How do I handle JWKS key rotation without downtime?

Implement a JWKS cache with a 5-minute TTL and a critical fallback mechanism: when token validation fails with a signature error, force-refresh the JWKS cache before rejecting. This handles the window between IdP publishing new keys and your cache updating. Always validate the kid (Key ID) JWT header to select the correct key from the set, as IdPs publish multiple keys during rotation periods. Monitor the mcp_jwks_refresh_total metric to detect abnormal rotation patterns.

What security measures are required for production MCP deployments?

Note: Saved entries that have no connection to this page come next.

text \<open>The code C_B in F_2^{2n}, a vector written as a pair (alpha, beta):
  the F_2-span of the rows (B_i | e_i), i < n, of the matrix (B | I_n).\<close>
definition code_B :: "nat \<Rightarrow> (nat \<Rightarrow> nat \<Rightarrow> bool) \<Rightarrow> ((nat \<Rightarrow> bool) \<times> (nat \<Rightarrow> bool)) set" where
  "code_B n B = {(f2sum S (\<lambda>i j. j < n \<and> B i j), f2sum S (\<lambda>i j. j = i)) | S. S \<subseteq> {..<n}}"

definition bin_weight :: "nat \<Rightarrow> (nat \<Rightarrow> bool) \<times> (nat \<Rightarrow> bool) \<Rightarrow> nat" where
  "bin_weight n c = hweight n (fst c) + hweight n (snd c)"

definition bin_distance :: "nat \<Rightarrow> ((nat \<Rightarrow> bool) \<times> (nat \<Rightarrow> bool)) set \<Rightarrow> nat" where
  "bin_distance n C = Min (bin_weight n ` {c \<in> C. c \<noteq> (\<lambda>_. False, \<lambda>_. False)})"

end

theory Submission imports Defs "HOL-Library.Z2" begin

text \<open>Over \<open>\<F>\<^sub>2\<close> the quadratic form polarises as \<open>f(x + a) = f(x) + f(a) + x \<cdot> aB\<close>,
  since \<open>B\<close> is symmetric with zero diagonal. Writing \<open>x = k + y\<close> with \<open>y\<close> in the subcube of the
  coordinates outside \<open>\<mu>\<close>, the autocorrelation \<open>v(a, k, \<mu>)\<close> is therefore, up to sign, the
  character sum of \<open>y \<mapsto> (-1)\<^bsup>y \<cdot> aB\<^esup>\<close> over that subcube, which is nonzero exactly when
  \<open>aB \<preceq> \<mu>\<close>. So the least \<open>w(a) + w(\<mu>)\<close> with \<open>v(a, k, \<mu>) \<noteq> 0\<close> is the least \<open>w(a) + w(aB)\<close>
  over \<open>a \<noteq> 0\<close>, which is the least binary weight of a nonzero codeword \<open>(aB, a)\<close> of \<open>C\<^sub>B\<close>.\<close>

section \<open>Polarisation of the quadratic form\<close>

declare add_bit_eq_xor [simp del] mult_bit_eq_and [simp del]
  sum_of_bool_eq [simp del] sum_mult_of_bool_eq [simp del] sum_of_bool_mult_eq [simp del]

lemma of_nat_bit_eq_of_bool_odd: "(of_nat m :: bit) = of_bool (odd m)"
  by (induction m) auto

lemma of_bool_odd_card_filter:
  assumes "finite A"
  shows "(of_bool (odd (card {p \<in> A. P p})) :: bit) = (\<Sum>p\<in>A. of_bool (P p))"
proof -
  have "(\<Sum>p\<in>A. of_bool (P p)) = (of_nat (card (A \<inter> {p. P p})) :: bit)"
    by (rule sum_of_bool_eq[OF assms assms])
  also have "A \<inter> {p. P p} = {p \<in> A. P p}" by blast
  finally show ?thesis
    by (simp only: of_nat_bit_eq_of_bool_odd)
qed

lemma of_bool_neq_bit: "(of_bool (p \<noteq> q) :: bit) = of_bool p + of_bool q"
  by (cases p; cases q) auto

lemma bit_add_self: "(b :: bit) + b = 0"
  by (metis bit_2_eq_0 mult_2 mult_zero_left)

lemma sum_triangle_polarize:
  fixes \<beta> :: "nat \<Rightarrow> nat \<Rightarrow> 'a::comm_semiring_1"
  assumes "\<forall>i<n. \<forall>j<n. \<beta> i j = \<beta> j i" and "\<forall>i<n. \<beta> i i = 0"
  shows "(\<Sum>j<n. \<Sum>i<j. \<beta> i j * (x i + a i) * (x j + a j)) =
    (\<Sum>j<n. \<Sum>i<j. \<beta> i j * x i * x j) + (\<Sum>j<n. \<Sum>i<j. \<beta> i j * a i * a j)
    + (\<Sum>i<n. \<Sum>j<n. \<beta> i j * a i * x j)"
  using assms
proof (induction n)
  case (Suc n)
  have sym: "\<beta> n j = \<beta> j n" if "j < n" for j
    using Suc.prems(1) that by simp
  have "(\<Sum>i<Suc n. \<Sum>j<Suc n. \<beta> i j * a i * x j) = (\<Sum>i<n. \<Sum>j<n. \<beta> i j * a i * x j)
      + (\<Sum>i<n. \<beta> i n * a i * x n) + (\<Sum>i<n. \<beta> i n * x i * a n)"
    using Suc.prems(2) by (simp add: sum.distrib sym algebra_simps)
  then show ?case
    using Suc by (simp add: sum.distrib algebra_simps)
qed simp

definition vec_mat :: "nat \<Rightarrow> (nat \<Rightarrow> nat \<Rightarrow> bool) \<Rightarrow> (nat \<Rightarrow> bool) \<Rightarrow> nat \<Rightarrow> bool" where
  "vec_mat n B a = f2sum {i. i < n \<and> a i} (\<lambda>i j. j < n \<and> B i j)"

definition dotp :: "nat \<Rightarrow> (nat \<Rightarrow> bool) \<Rightarrow> (nat \<Rightarrow> bool) \<Rightarrow> bool" where
  "dotp n x y = odd (card {j. j < n \<and> x j \<and> y j})"

lemma vec_mat_in_vecs: "vec_mat n B a \<in> vecs n"
  unfolding vecs_def vec_mat_def f2sum_def by auto

lemma vec_mat_zero: "vec_mat n B (\<lambda>_. False) = (\<lambda>_. False)"
  unfolding vec_mat_def f2sum_def by simp

lemma of_bool_dotp: "(of_bool (dotp n x y) :: bit) = (\<Sum>j<n. of_bool (x j) * of_bool (y j))"
proof -
  have "{j. j < n \<and> x j \<and> y j} = {j \<in> {..<n}. x j \<and> y j}" by auto
  then show ?thesis
    unfolding dotp_def by (simp only: of_bool_odd_card_filter finite_lessThan of_bool_conj)
qed

lemma of_bool_vec_mat:
  assumes "j < n"
  shows "(of_bool (vec_mat n B a j) :: bit) = (\<Sum>i<n. of_bool (a i) * of_bool (B i j))"
proof -
  have "{i \<in> {i. i < n \<and> a i}. j < n \<and> B i j} = {i \<in> {..<n}. a i \<and> B i j}"
    using assms by auto
  then show ?thesis
    unfolding vec_mat_def f2sum_def by (simp only: of_bool_odd_card_filter finite_lessThan of_bool_conj)
qed

lemma of_bool_assoc_fun:
  "(of_bool (assoc_fun n B x) :: bit) =
     (\<Sum>j<n. \<Sum>i<j. of_bool (B i j) * of_bool (x i) * of_bool (x j))"
proof -
  let ?T = "SIGMA j:{..<n}. {..<j}"
  have "{(i, j). i < j \<and> j < n \<and> B i j \<and> x i \<and> x j} =
      {p \<in> prod.swap ` ?T. case p of (i, j) \<Rightarrow> B i j \<and> x i \<and> x j}"
    by auto
  then have "(of_bool (assoc_fun n B x) :: bit) =
      (\<Sum>p\<in>prod.swap ` ?T. of_bool (case p of (i, j) \<Rightarrow> B i j \<and> x i \<and> x j))"
    unfolding assoc_fun_def by (simp add: of_bool_odd_card_filter)
  also have "\<dots> = (\<Sum>(j, i)\<in>?T. of_bool (B i j \<and> x i \<and> x j))"
    by (simp add: sum.reindex split_def)
  finally show ?thesis
    by (simp add: sum.Sigma of_bool_conj mult.assoc)
qed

Production MCP requires multiple layers: TLS 1.3 enforcement (reject lower versions), PKCE with S256 only (never plain), access token lifetime capped at 15 minutes, one-time refresh tokens with rotation, scope-based access control at the tool level, per-client rate limiting, and RFC 9728 Protected Resource Metadata publication. For service-to-service scenarios, add mTLS for mutual authentication. All tool invocations must be logged with the authenticated sub and client_id claims for audit compliance.